**Brief**
Copy the records. Keep every line exactly as it is.

**Data for the task**
────────────────

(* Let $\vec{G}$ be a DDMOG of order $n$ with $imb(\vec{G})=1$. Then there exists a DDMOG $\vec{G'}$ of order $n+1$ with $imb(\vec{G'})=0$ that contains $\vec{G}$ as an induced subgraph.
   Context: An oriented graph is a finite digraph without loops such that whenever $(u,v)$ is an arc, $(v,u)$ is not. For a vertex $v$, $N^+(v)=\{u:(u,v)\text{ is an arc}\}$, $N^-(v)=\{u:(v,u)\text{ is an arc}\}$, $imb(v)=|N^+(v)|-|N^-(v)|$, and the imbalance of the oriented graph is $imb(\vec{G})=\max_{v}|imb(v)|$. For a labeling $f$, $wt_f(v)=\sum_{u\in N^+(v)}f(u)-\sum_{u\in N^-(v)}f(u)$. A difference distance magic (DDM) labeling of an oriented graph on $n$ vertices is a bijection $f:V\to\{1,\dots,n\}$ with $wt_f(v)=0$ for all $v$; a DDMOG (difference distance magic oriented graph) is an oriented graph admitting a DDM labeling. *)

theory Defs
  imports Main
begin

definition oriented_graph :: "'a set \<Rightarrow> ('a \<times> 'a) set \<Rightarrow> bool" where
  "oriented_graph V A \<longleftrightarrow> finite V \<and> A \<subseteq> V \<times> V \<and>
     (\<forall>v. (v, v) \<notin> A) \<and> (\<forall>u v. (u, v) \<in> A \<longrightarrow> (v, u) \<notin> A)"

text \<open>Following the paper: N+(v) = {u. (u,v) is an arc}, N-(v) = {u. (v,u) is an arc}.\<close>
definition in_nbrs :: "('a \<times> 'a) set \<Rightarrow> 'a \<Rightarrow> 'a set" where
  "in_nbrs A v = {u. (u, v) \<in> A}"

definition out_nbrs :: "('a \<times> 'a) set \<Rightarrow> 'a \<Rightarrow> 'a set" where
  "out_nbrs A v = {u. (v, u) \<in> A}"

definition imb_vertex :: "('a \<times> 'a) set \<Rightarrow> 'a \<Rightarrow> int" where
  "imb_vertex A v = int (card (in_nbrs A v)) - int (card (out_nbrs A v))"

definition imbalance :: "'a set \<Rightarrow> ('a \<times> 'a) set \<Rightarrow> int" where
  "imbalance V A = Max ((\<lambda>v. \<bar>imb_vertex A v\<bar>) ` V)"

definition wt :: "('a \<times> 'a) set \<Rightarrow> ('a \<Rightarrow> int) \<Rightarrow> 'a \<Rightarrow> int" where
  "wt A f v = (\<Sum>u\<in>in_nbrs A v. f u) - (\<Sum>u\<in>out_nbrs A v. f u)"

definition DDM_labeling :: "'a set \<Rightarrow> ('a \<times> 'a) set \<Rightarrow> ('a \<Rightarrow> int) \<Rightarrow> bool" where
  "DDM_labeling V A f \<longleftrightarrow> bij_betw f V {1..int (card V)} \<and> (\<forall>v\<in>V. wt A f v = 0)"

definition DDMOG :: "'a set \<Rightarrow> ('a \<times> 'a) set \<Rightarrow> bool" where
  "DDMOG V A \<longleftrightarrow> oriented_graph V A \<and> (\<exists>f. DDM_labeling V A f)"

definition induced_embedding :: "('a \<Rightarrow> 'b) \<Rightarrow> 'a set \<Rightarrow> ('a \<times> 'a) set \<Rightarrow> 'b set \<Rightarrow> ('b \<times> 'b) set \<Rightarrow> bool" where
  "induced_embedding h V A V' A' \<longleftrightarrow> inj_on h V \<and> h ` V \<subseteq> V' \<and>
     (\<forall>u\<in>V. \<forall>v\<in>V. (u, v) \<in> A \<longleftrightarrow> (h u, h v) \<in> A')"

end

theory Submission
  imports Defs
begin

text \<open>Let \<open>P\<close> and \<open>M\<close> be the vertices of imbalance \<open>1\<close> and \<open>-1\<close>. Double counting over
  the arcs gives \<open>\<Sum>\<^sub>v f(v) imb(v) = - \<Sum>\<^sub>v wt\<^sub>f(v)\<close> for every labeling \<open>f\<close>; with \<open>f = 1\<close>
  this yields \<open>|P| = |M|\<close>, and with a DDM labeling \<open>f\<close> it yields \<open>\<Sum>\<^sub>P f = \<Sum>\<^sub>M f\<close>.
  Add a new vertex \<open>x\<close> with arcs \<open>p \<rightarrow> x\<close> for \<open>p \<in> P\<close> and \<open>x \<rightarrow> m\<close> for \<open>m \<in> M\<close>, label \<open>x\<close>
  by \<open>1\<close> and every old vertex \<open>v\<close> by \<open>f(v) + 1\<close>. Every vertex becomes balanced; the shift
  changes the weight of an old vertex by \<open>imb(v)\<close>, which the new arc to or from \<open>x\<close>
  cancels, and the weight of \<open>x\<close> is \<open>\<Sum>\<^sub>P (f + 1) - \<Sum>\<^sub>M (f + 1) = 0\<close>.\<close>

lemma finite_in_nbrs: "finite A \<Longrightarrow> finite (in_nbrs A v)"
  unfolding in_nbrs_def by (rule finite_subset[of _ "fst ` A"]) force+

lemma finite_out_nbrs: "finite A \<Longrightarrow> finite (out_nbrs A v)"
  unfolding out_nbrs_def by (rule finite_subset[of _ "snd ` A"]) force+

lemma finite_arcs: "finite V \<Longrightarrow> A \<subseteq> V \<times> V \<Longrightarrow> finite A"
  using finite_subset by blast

────────────────

**Exercise output**
(* Let $\vec{G}$ be a DDMOG of order $n$ with $imb(\vec{G})=1$. Then there exists a DDMOG $\vec{G'}$ of order $n+1$ with $imb(\vec{G'})=0$ that contains $\vec{G}$ as an induced subgraph.
   Context: An oriented graph is a finite digraph without loops such that whenever $(u,v)$ is an arc, $(v,u)$ is not. For a vertex $v$, $N^+(v)=\{u:(u,v)\text{ is an arc}\}$, $N^-(v)=\{u:(v,u)\text{ is an arc}\}$, $imb(v)=|N^+(v)|-|N^-(v)|$, and the imbalance of the oriented graph is $imb(\vec{G})=\max_{v}|imb(v)|$. For a labeling $f$, $wt_f(v)=\sum_{u\in N^+(v)}f(u)-\sum_{u\in N^-(v)}f(u)$. A difference distance magic (DDM) labeling of an oriented graph on $n$ vertices is a bijection $f:V\to\{1,\dots,n\}$ with $wt_f(v)=0$ for all $v$; a DDMOG (difference distance magic oriented graph) is an oriented graph admitting a DDM labeling. *)

theory Defs
  imports Main
begin

definition oriented_graph :: "'a set \<Rightarrow> ('a \<times> 'a) set \<Rightarrow> bool" where
  "oriented_graph V A \<longleftrightarrow> finite V \<and> A \<subseteq> V \<times> V \<and>
     (\<forall>v. (v, v) \<notin> A) \<and> (\<forall>u v. (u, v) \<in> A \<longrightarrow> (v, u) \<notin> A)"

text \<open>Following the paper: N+(v) = {u. (u,v) is an arc}, N-(v) = {u. (v,u) is an arc}.\<close>
definition in_nbrs :: "('a \<times> 'a) set \<Rightarrow> 'a \<Rightarrow> 'a set" where
  "in_nbrs A v = {u. (u, v) \<in> A}"

definition out_nbrs :: "('a \<times> 'a) set \<Rightarrow> 'a \<Rightarrow> 'a set" where
  "out_nbrs A v = {u. (v, u) \<in> A}"

definition imb_vertex :: "('a \<times> 'a) set \<Rightarrow> 'a \<Rightarrow> int" where
  "imb_vertex A v = int (card (in_nbrs A v)) - int (card (out_nbrs A v))"

definition imbalance :: "'a set \<Rightarrow> ('a \<times> 'a) set \<Rightarrow> int" where
  "imbalance V A = Max ((\<lambda>v. \<bar>imb_vertex A v\<bar>) ` V)"

definition wt :: "('a \<times> 'a) set \<Rightarrow> ('a \<Rightarrow> int) \<Rightarrow> 'a \<Rightarrow> int" where
  "wt A f v = (\<Sum>u\<in>in_nbrs A v. f u) - (\<Sum>u\<in>out_nbrs A v. f u)"

definition DDM_labeling :: "'a set \<Rightarrow> ('a \<times> 'a) set \<Rightarrow> ('a \<Rightarrow> int) \<Rightarrow> bool" where
  "DDM_labeling V A f \<longleftrightarrow> bij_betw f V {1..int (card V)} \<and> (\<forall>v\<in>V. wt A f v = 0)"

definition DDMOG :: "'a set \<Rightarrow> ('a \<times> 'a) set \<Rightarrow> bool" where
  "DDMOG V A \<longleftrightarrow> oriented_graph V A \<and> (\<exists>f. DDM_labeling V A f)"

definition induced_embedding :: "('a \<Rightarrow> 'b) \<Rightarrow> 'a set \<Rightarrow> ('a \<times> 'a) set \<Rightarrow> 'b set \<Rightarrow> ('b \<times> 'b) set \<Rightarrow> bool" where
  "induced_embedding h V A V' A' \<longleftrightarrow> inj_on h V \<and> h ` V \<subseteq> V' \<and>
     (\<forall>u\<in>V. \<forall>v\<in>V. (u, v) \<in> A \<longleftrightarrow> (h u, h v) \<in> A')"

end

theory Submission
  imports Defs
begin

text \<open>Let \<open>P\<close> and \<open>M\<close> be the vertices of imbalance \<open>1\<close> and \<open>-1\<close>. Double counting over
  the arcs gives \<open>\<Sum>\<^sub>v f(v) imb(v) = - \<Sum>\<^sub>v wt\<^sub>f(v)\<close> for every labeling \<open>f\<close>; with \<open>f = 1\<close>
  this yields \<open>|P| = |M|\<close>, and with a DDM labeling \<open>f\<close> it yields \<open>\<Sum>\<^sub>P f = \<Sum>\<^sub>M f\<close>.
  Add a new vertex \<open>x\<close> with arcs \<open>p \<rightarrow> x\<close> for \<open>p \<in> P\<close> and \<open>x \<rightarrow> m\<close> for \<open>m \<in> M\<close>, label \<open>x\<close>
  by \<open>1\<close> and every old vertex \<open>v\<close> by \<open>f(v) + 1\<close>. Every vertex becomes balanced; the shift
  changes the weight of an old vertex by \<open>imb(v)\<close>, which the new arc to or from \<open>x\<close>
  cancels, and the weight of \<open>x\<close> is \<open>\<Sum>\<^sub>P (f + 1) - \<Sum>\<^sub>M (f + 1) = 0\<close>.\<close>

lemma finite_in_nbrs: "finite A \<Longrightarrow> finite (in_nbrs A v)"
  unfolding in_nbrs_def by (rule finite_subset[of _ "fst ` A"]) force+

lemma finite_out_nbrs: "finite A \<Longrightarrow> finite (out_nbrs A v)"
  unfolding out_nbrs_def by (rule finite_subset[of _ "snd ` A"]) force+

lemma finite_arcs: "finite V \<Longrightarrow> A \<subseteq> V \<times> V \<Longrightarrow> finite A"
  using finite_subset by blast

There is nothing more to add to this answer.